■ **TASK STATEMENT**: Only the lines running from the one with "by (induction xs) simp_all" to the end of the listing should be returned, each exactly as it appears, with both ends kept.

• • • •

lemma lin_fun_iff:
  assumes "vector_space s"
  shows "lin_fun s f \<longleftrightarrow> (\<forall>x y. f (x + y) = f x + f y) \<and> (\<forall>c x. f (s c x) = c * f x)"
  using assms vector_space_field_mult unfolding lin_fun_def Vector_Spaces.linear_iff by blast

lemma lin_fun_separates_points:
  assumes vs: "vector_space s" and eq: "\<And>\<psi>. lin_fun s \<psi> \<Longrightarrow> \<psi> u = \<psi> v"
  shows "u = v"
proof (rule ccontr)
  assume "u \<noteq> v"
  interpret vector_space s by fact
  interpret vp: vector_space_pair s "(*)"
    using vs vector_space_field_mult by (simp add: vector_space_pair_def)
  have ind: "independent {u - v}"
    using \<open>u \<noteq> v\<close> by simp
  define \<psi> where "\<psi> = vp.construct {u - v} (\<lambda>_. 1)"
  have lin: "lin_fun s \<psi>"
    unfolding lin_fun_def \<psi>_def by (rule vp.linear_construct[OF ind])
  have "\<psi> (u - v) = 1"
    unfolding \<psi>_def by (simp add: vp.construct_basis[OF ind])
  then show False
    using eq[OF lin] by (simp add: lin_fun_diff[OF lin])
qed

lemma finite_dual_expansion:
  assumes vs: "vector_space s" and "finite A"
  obtains E and \<phi> :: "'a \<Rightarrow> 'a::ab_group_add \<Rightarrow> 'k::field"
  where "finite E" and "\<And>e. lin_fun s (\<phi> e)" and "\<And>a. a \<in> A \<Longrightarrow> a = (\<Sum>e\<in>E. s (\<phi> e a) e)"
proof -
  interpret vector_space s by fact
  interpret vp: vector_space_pair s "(*)"
    using vs vector_space_field_mult by (simp add: vector_space_pair_def)
  obtain B where B: "B \<subseteq> A" "independent B" "A \<subseteq> span B"
    by (rule maximal_independent_subset)
  have fin: "finite B"
    using B(1) \<open>finite A\<close> by (rule finite_subset)
  define \<phi> where "\<phi> e = vp.construct B (\<lambda>b. if b = e then 1 else 0)" for e
  have lin: "lin_fun s (\<phi> e)" for e
    unfolding lin_fun_def \<phi>_def by (rule vp.linear_construct[OF B(2)])
  have "a = (\<Sum>e\<in>B. s (\<phi> e a) e)" if "a \<in> A" for a
  proof -
    have a: "a = (\<Sum>b\<in>B. s (representation B a b) b)"
      using sum_representation_eq[OF B(2) _ fin order.refl] B(3) that by auto
    have "\<phi> e a = representation B a e" if "e \<in> B" for e
    proof -
      have "\<phi> e a = (\<Sum>b\<in>B. representation B a b * \<phi> e b)"
        using arg_cong[OF a, of "\<phi> e"] by (simp add: lin_fun_sum[OF lin] lin_fun_scale[OF lin])
      also have "\<dots> = representation B a e"
        using that fin by (simp add: \<phi>_def vp.construct_basis[OF B(2)] if_distrib cong: if_cong)
      finally show ?thesis .
    qed
    then show ?thesis
      using a by simp
  qed
  with fin lin show thesis
    by (rule that)
qed

lemma sum_list_sum_swap: "(\<Sum>x\<leftarrow>xs. \<Sum>e\<in>E. f x e) = (\<Sum>e\<in>E. \<Sum>x\<leftarrow>xs. f x e)"
  by (induction xs) (simp_all add: sum.distrib)

lemma sum_list_concat_map: "(\<Sum>x\<leftarrow>concat (map g xs). f x) = (\<Sum>y\<leftarrow>xs. \<Sum>x\<leftarrow>g y. f x)"
  by (induction xs) simp_all

lemma sum_list_swap:
  "(\<Sum>x\<leftarrow>xs. \<Sum>y\<leftarrow>ys. f x y) = (\<Sum>y\<leftarrow>ys. \<Sum>x\<leftarrow>xs. (f x y :: 'a::comm_monoid_add))"
  by (induction xs) (auto simp: sum_list_addf)

definition bilinear_form :: "('k::field \<Rightarrow> 'a::ab_group_add \<Rightarrow> 'a) \<Rightarrow> ('k \<Rightarrow> 'b::ab_group_add \<Rightarrow> 'b)
    \<Rightarrow> ('a \<Rightarrow> 'b \<Rightarrow> 'k) \<Rightarrow> bool" where
  "bilinear_form sA sB F \<longleftrightarrow> (\<forall>b. lin_fun sA (\<lambda>a. F a b)) \<and> (\<forall>a. lin_fun sB (F a))"

lemma bilinear_form_mult:
  assumes "lin_fun sA \<phi>" and "lin_fun sB \<psi>"
  shows "bilinear_form sA sB (\<lambda>a b. \<phi> a * \<psi> b)"
  using assms lin_fun_module_hom[OF assms(1)] lin_fun_module_hom[OF assms(2)]
  unfolding bilinear_form_def lin_fun_def
  by (auto simp: Vector_Spaces.linear_iff distrib_left distrib_right mult.left_commute)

• • • •

■ **THE ANSWER**:
  by (induction xs) simp_all

lemma sum_list_swap:
  "(\<Sum>x\<leftarrow>xs. \<Sum>y\<leftarrow>ys. f x y) = (\<Sum>y\<leftarrow>ys. \<Sum>x\<leftarrow>xs. (f x y :: 'a::comm_monoid_add))"
  by (induction xs) (auto simp: sum_list_addf)

definition bilinear_form :: "('k::field \<Rightarrow> 'a::ab_group_add \<Rightarrow> 'a) \<Rightarrow> ('k \<Rightarrow> 'b::ab_group_add \<Rightarrow> 'b)
    \<Rightarrow> ('a \<Rightarrow> 'b \<Rightarrow> 'k) \<Rightarrow> bool" where
  "bilinear_form sA sB F \<longleftrightarrow> (\<forall>b. lin_fun sA (\<lambda>a. F a b)) \<and> (\<forall>a. lin_fun sB (F a))"

lemma bilinear_form_mult:
  assumes "lin_fun sA \<phi>" and "lin_fun sB \<psi>"
  shows "bilinear_form sA sB (\<lambda>a b. \<phi> a * \<psi> b)"
  using assms lin_fun_module_hom[OF assms(1)] lin_fun_module_hom[OF assms(2)]
  unfolding bilinear_form_def lin_fun_def
  by (auto simp: Vector_Spaces.linear_iff distrib_left distrib_right mult.left_commute)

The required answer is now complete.